## What is expected
Go through the entries below and say how many lines contain the string "convex"; write only that number.

## Recorded information
#####
(* Consider $N$ robots; robot $i$ has joint vector $q_i(t)\in\mathbb{R}^{n_i}$, end-effector configuration $x_i=x_i(q_i)\in\mathbb{R}^p$ with Jacobian $J_i(q_i)\in\mathbb{R}^{p\times n_i}$, and let $x=(x_1^{\rm T},\dots,x_N^{\rm T})^{\rm T}$. A cooperative task is $\sigma=J_\sigma x\in\mathbb{R}^m$ with a constant matrix $J_\sigma\in\mathbb{R}^{m\times Np}$. Let $\sigma_n(\cdot)$ be a twice continuously differentiable nominal path and let the reference be $\sigma_r(t)=\sigma_n(s_r(t))$ for a twice differentiable scalar path parameter $s_r(t)$, so that $\dot\sigma_r=\frac{\partial\sigma_r}{\partial s_r}\dot s_r$ and $\ddot\sigma_r=\frac{\partial^2\sigma_r}{\partial s_r^2}\dot s_r^2+\frac{\partial\sigma_r}{\partial s_r}\ddot s_r$. Assume the joint accelerations of robot $i$ are $$\ddot q_i=J_i^\dagger\Big(\Gamma_i J_\sigma^\dagger\big(\ddot\sigma_r+k_\sigma\dot{\tilde\sigma}+\lambda_\sigma\tilde\sigma\big)-\dot J_i\dot q_i\Big)+\ddot q_{n,i},$$ where $\tilde\sigma=\sigma_r-\sigma$, $k_\sigma,\lambda_\sigma>0$, $\dagger$ denotes the Moore–Penrose pseudoinverse, $\Gamma_i\in\mathbb{R}^{p\times Np}$ is the block-row matrix with identity $I_p$ in the $i$-th block and zero blocks elsewhere, and $\ddot q_{n,i}\in\mathbb{R}^{n_i}$ is an arbitrary vector with $J_i\ddot q_{n,i}=0$ (not depending on $\ddot s_r$). Let the human position $p_o(t)\in\mathbb{R}^3$ be a given twice differentiable signal. For a point $p\in\mathbb{R}^3$ with velocity $\dot p$, define the safety index $f(p,\dot p,p_o,\dot p_o)=\alpha_1(d)+\alpha_2(d,\dot d)$, where $d=\|p-p_o\|$, $\alpha_1$ is a nonnegative continuous monotonically increasing function of $d$, and $\alpha_2$ is continuous and monotonically increasing in $\dot d$ with $\lim_{\dot d\to+\infty}\alpha_2(d,\dot d)=c\in\mathbb{R}^+$ for all $d$ and $\partial\alpha_2/\partial\dot d\neq 0$ for all $d$ and finite $\dot d$. For robot $i$, the $l$-th link ($l=1,\dots,n_l^i+1$, the last one being a virtual link) is modelled as the segment between points $p^i_{l,0}(q_i)$ and $p^i_{l,1}(q_i)$; set $p^i_{l,r}=p^i_{l,0}+r(p^i_{l,1}-p^i_{l,0})$, $r\in[0,1]$, and define $$F^i=\sum_{l=1}^{n_l^i+1}\int_0^1 f\big(p^i_{l,r},\dot p^i_{l,r},p_o,\dot p_o\big)\,dr .$$ Then the time derivative of $F^i$ is affine in the path-parameter acceleration: there exist scalars $\mu_1^i,\mu_2^i\in\mathbb{R}$, not depending on $\ddot s_r$ (with $\mu_1^i$ depending on $q_i,\dot q_i,p_o,\dot p_o,s_r$ and $\mu_2^i$ additionally on $\ddot p_o,\ddot q_{n,i},\dot s_r$ and the task tracking error), such that $$\dot F^i=\mu_1^i\,\ddot s_r+\mu_2^i .$$
   Context: Here $\dot d$ denotes the time derivative of the distance $d$. The positional Jacobian of the point $p^i_{l,r}$ is $J^i_{l,r}(q_i)\in\mathbb{R}^{3\times n_i}$, so that $\ddot p^i_{l,r}=J^i_{l,r}\ddot q_i+\dot J^i_{l,r}\dot q_i$. The functions $\alpha_1,\alpha_2$ are taken differentiable and all distances $d=\|p^i_{l,r}-p_o\|$ are assumed nonzero, so that all derivatives involved exist. *)

theory Defs
  imports "HOL-Analysis.Analysis"
begin

definition pinv :: "real^'n^'m \<Rightarrow> real^'m^'n" where
  "pinv A = (THE X. A ** X ** A = A \<and> X ** A ** X = X \<and>
                    transpose (A ** X) = A ** X \<and> transpose (X ** A) = X ** A)"

definition Gamma :: "'N::finite \<Rightarrow> real^('N \<times> 'p::finite)^'p" where
  "Gamma i = (\<chi> a. \<chi> jb. if fst jb = i \<and> snd jb = a then 1 else 0)"

definition dist_ho :: "real^3 \<Rightarrow> real^3 \<Rightarrow> real" where
  "dist_ho p po = norm (p - po)"

definition dist_rate :: "real^3 \<Rightarrow> real^3 \<Rightarrow> real^3 \<Rightarrow> real^3 \<Rightarrow> real" where
  "dist_rate p pd po pod = ((p - po) \<bullet> (pd - pod)) / norm (p - po)"

definition safety_index ::
  "(real \<Rightarrow> real) \<Rightarrow> (real \<Rightarrow> real \<Rightarrow> real) \<Rightarrow> real^3 \<Rightarrow> real^3 \<Rightarrow> real^3 \<Rightarrow> real^3 \<Rightarrow> real" where
  "safety_index \<alpha>1 \<alpha>2 p pd po pod =
     \<alpha>1 (dist_ho p po) + \<alpha>2 (dist_ho p po) (dist_rate p pd po pod)"

definition link_point :: "(nat \<Rightarrow> 'q \<Rightarrow> real^3) \<Rightarrow> (nat \<Rightarrow> 'q \<Rightarrow> real^3) \<Rightarrow> nat \<Rightarrow> real \<Rightarrow> 'q \<Rightarrow> real^3" where
  "link_point P0 P1 l r q = P0 l q + r *\<^sub>R (P1 l q - P0 l q)"

definition link_jac :: "(nat \<Rightarrow> 'q \<Rightarrow> real^'n^3) \<Rightarrow> (nat \<Rightarrow> 'q \<Rightarrow> real^'n^3) \<Rightarrow> nat \<Rightarrow> real \<Rightarrow> 'q \<Rightarrow> real^'n^3" where
  "link_jac JP0 JP1 l r q = JP0 l q + r *\<^sub>R (JP1 l q - JP0 l q)"

definition F_index ::
  "(real \<Rightarrow> real) \<Rightarrow> (real \<Rightarrow> real \<Rightarrow> real) \<Rightarrow> nat \<Rightarrow>
   (nat \<Rightarrow> real^'n \<Rightarrow> real^3) \<Rightarrow> (nat \<Rightarrow> real^'n \<Rightarrow> real^3) \<Rightarrow>
   (nat \<Rightarrow> real^'n \<Rightarrow> real^'n^3) \<Rightarrow> (nat \<Rightarrow> real^'n \<Rightarrow> real^'n^3) \<Rightarrow>
   real^'n \<Rightarrow> real^'n \<Rightarrow> real^3 \<Rightarrow> real^3 \<Rightarrow> real" where
  "F_index \<alpha>1 \<alpha>2 nl P0 P1 JP0 JP1 q qd po pod =
     (\<Sum>l = 1..nl + 1. integral {0..1} (\<lambda>r.
        safety_index \<alpha>1 \<alpha>2 (link_point P0 P1 l r q) (link_jac JP0 JP1 l r q *v qd) po pod))"

end

theory Submission
  imports Defs
begin

(*
  Along a motion, F^i is a function of the state (q, qd, p_o, pd_o) alone. This function is
  continuously differentiable: on each link the distance to the human is bounded away from zero
  on a neighbourhood of the segment (tube lemma), so the integral over r can be differentiated
  under the integral sign. By the chain rule, the time derivative of F^i is this derivative, a
  linear map, applied to (qd, qdd, pd_o, pdd_o). The control law makes qdd affine in the path
  acceleration, qdd = drift + sdd_r * J_i^+ Gamma_i J_sigma^+ sigma_n'(s_r), and linearity
  turns this into the claimed affine dependence of the derivative of F^i on sdd_r.
*)

lemma bounded_bilinear_matrix_vector_mult [bounded_bilinear]:
  "bounded_bilinear ((*v) :: real^'a^'b \<Rightarrow> real^'a \<Rightarrow> real^'b)"
  unfolding bilinear_conv_bounded_bilinear[symmetric] bilinear_def
  by (auto intro!: linearI simp: algebra_simps vec_eq_iff matrix_vector_mult_def sum_distrib_left sum.distrib)

lemma has_derivative_integral_parametric:
  fixes f :: "'a::euclidean_space \<Rightarrow> 'b::euclidean_space \<Rightarrow> 'c::banach"
  assumes W: "open W" "{x0} \<times> cbox a b \<subseteq> W"
    and deriv: "\<And>x r. (x, r) \<in> W \<Longrightarrow> ((\<lambda>x. f x r) has_derivative f' x r) (at x)"
    and cont: "continuous_on W (\<lambda>(x, r). f x r)"
    and cont': "\<And>h. continuous_on W (\<lambda>(x, r). f' x r h)"
  shows "((\<lambda>x. integral (cbox a b) (f x)) has_derivative
           (\<lambda>h. integral (cbox a b) (\<lambda>r. f' x0 r h))) (at x0)"
proof -
  \<comment> \<open>\<open>leibniz_rule\<close> needs a convex neighbourhood U of x0 with U \<times> cbox a b \<subseteq> W.\<close>
  obtain X0 where X0: "x0 \<in> X0" "open X0" "X0 \<times> cbox a b \<subseteq> W"
    using Elementary_Topology.tube_lemma[OF compact_cbox W] by blast
  then obtain e where "e > 0" "ball x0 e \<subseteq> X0"
    by (meson openE)
  define U where "U = ball x0 e"
  have U: "x0 \<in> U" "convex U" "open U" "U \<times> cbox a b \<subseteq> W"
    using \<open>e > 0\<close> \<open>ball x0 e \<subseteq> X0\<close> X0(3) by (auto simp: U_def)
  have apply_Blinfun: "blinfun_apply (Blinfun (f' x r)) = f' x r" if "(x, r) \<in> W" for x r
    using bounded_linear_Blinfun_apply[OF has_derivative_bounded_linear[OF deriv[OF that]]] .
  have cont_Blinfun: "continuous_on (U \<times> cbox a b) (\<lambda>(x, r). Blinfun (f' x r))"
  proof (rule continuous_on_blinfun_componentwise)
    fix h :: 'a
    show "continuous_on (U \<times> cbox a b) (\<lambda>z. blinfun_apply (case z of (x, r) \<Rightarrow> Blinfun (f' x r)) h)"
      using continuous_on_subset[OF cont' U(4)]
      by (rule continuous_on_eq) (use U(4) apply_Blinfun in auto)
  qed
  have "((\<lambda>x. integral (cbox a b) (f x)) has_derivative
           integral (cbox a b) (\<lambda>r. Blinfun (f' x0 r))) (at x0 within U)"
  proof (rule leibniz_rule[OF _ _ cont_Blinfun U(1,2)])
    fix x r assume "x \<in> U" "r \<in> cbox a b"
    then have "(x, r) \<in> W" using U(4) by blast
    then show "((\<lambda>x. f x r) has_derivative blinfun_apply (Blinfun (f' x r))) (at x within U)"
      by (simp add: apply_Blinfun deriv has_derivative_at_withinI)
  next
    fix x assume "x \<in> U"
    then have "continuous_on (cbox a b) (\<lambda>r. (\<lambda>(x, r). f x r) (x, r))"
      using U(4) by (intro continuous_on_compose2[OF cont]) (auto intro!: continuous_intros)
    then show "f x integrable_on cbox a b"
      by (simp add: integrable_continuous)
  qed
  moreover have "continuous_on (cbox a b) (\<lambda>r. (\<lambda>(x, r). Blinfun (f' x r)) (x0, r))"
    using U(1) by (intro continuous_on_compose2[OF cont_Blinfun]) (auto intro!: continuous_intros)
  then have "(\<lambda>r. Blinfun (f' x0 r)) integrable_on cbox a b"
    by (simp add: integrable_continuous)
  ultimately show ?thesis
    unfolding at_within_open[OF U(1,3)]
    by (elim has_derivative_eq_rhs)
      (use W(2) in \<open>auto simp: fun_eq_iff blinfun_apply_integral apply_Blinfun intro!: integral_cong\<close>)
qed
#####
## Task response
2